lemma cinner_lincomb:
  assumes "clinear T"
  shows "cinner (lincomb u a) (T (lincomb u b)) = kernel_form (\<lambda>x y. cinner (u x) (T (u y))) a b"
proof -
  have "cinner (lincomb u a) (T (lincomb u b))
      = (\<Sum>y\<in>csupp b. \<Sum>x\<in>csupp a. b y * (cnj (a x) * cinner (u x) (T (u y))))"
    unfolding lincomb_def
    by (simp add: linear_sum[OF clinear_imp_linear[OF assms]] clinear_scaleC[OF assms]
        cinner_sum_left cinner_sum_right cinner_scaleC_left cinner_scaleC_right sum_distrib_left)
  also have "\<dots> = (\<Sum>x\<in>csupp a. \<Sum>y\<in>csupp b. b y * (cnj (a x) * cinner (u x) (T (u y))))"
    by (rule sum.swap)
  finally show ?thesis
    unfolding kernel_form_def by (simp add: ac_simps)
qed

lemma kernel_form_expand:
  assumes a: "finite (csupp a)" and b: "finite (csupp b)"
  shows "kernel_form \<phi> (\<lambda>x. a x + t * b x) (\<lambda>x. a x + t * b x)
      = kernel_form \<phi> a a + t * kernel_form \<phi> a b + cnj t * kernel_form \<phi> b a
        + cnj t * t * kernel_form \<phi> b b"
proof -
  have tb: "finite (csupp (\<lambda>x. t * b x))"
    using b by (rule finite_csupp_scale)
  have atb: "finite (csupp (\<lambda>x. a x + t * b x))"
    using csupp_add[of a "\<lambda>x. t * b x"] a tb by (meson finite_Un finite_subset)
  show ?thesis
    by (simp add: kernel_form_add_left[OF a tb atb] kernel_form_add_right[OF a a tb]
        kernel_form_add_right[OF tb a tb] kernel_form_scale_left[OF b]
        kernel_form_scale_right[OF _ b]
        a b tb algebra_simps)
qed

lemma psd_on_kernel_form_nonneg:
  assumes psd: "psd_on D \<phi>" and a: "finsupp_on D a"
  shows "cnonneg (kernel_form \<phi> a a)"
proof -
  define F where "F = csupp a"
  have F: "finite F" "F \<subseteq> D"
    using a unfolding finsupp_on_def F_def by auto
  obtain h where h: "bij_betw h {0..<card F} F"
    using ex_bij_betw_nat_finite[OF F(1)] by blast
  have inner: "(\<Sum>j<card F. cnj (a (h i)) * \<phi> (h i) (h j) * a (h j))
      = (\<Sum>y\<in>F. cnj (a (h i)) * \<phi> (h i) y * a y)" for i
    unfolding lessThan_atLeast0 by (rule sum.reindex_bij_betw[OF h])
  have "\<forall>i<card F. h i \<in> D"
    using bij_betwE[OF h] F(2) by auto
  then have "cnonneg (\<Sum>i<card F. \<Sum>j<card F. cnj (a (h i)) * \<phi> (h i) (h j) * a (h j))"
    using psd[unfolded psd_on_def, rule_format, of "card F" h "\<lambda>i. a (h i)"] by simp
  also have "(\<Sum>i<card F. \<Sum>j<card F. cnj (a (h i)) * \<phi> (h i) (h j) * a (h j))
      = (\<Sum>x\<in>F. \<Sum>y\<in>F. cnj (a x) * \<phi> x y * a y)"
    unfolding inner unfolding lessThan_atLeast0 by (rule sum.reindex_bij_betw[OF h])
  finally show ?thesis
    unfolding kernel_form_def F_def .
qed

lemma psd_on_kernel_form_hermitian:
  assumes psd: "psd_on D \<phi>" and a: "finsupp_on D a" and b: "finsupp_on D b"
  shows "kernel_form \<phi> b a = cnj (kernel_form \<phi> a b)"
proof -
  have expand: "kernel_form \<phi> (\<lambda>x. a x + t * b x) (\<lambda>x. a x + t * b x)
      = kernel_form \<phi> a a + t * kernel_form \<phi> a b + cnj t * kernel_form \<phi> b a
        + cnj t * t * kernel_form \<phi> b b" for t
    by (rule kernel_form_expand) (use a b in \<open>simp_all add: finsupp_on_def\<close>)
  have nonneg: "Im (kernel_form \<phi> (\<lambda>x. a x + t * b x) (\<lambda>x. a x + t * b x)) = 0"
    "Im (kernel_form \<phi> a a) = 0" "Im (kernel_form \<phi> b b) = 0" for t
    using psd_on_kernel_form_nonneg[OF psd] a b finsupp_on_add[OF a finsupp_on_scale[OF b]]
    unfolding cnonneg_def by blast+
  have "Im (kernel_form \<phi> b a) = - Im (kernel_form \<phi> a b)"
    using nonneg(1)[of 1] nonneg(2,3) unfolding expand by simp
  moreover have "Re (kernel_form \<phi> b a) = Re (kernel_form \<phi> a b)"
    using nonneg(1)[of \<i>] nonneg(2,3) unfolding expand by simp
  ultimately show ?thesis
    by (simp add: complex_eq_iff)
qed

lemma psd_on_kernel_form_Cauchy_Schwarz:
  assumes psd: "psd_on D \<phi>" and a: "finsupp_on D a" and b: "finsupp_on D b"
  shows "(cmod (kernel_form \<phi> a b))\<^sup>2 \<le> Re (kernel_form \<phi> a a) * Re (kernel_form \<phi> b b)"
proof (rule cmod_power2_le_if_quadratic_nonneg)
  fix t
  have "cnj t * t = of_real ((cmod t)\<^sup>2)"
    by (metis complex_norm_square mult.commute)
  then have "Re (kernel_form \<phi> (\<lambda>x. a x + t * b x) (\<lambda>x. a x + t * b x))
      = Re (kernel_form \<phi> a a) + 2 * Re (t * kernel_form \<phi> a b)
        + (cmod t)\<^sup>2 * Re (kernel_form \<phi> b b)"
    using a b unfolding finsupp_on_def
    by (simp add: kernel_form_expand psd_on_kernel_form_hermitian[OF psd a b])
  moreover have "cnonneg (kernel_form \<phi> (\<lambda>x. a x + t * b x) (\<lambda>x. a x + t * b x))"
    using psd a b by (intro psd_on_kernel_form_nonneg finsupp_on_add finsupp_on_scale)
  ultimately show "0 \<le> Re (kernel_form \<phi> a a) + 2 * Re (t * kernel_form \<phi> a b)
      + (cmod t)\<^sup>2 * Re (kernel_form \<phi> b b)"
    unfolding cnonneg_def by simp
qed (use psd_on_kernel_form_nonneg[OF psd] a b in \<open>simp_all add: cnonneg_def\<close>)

════════

Copy the entries word for word. Start at the first line and end with the line containing "by (simp add: linear_sum[OF".

lemma cinner_lincomb:
  assumes "clinear T"
  shows "cinner (lincomb u a) (T (lincomb u b)) = kernel_form (\<lambda>x y. cinner (u x) (T (u y))) a b"
proof -
  have "cinner (lincomb u a) (T (lincomb u b))
      = (\<Sum>y\<in>csupp b. \<Sum>x\<in>csupp a. b y * (cnj (a x) * cinner (u x) (T (u y))))"
    unfolding lincomb_def
    by (simp add: linear_sum[OF clinear_imp_linear[OF assms]] clinear_scaleC[OF assms]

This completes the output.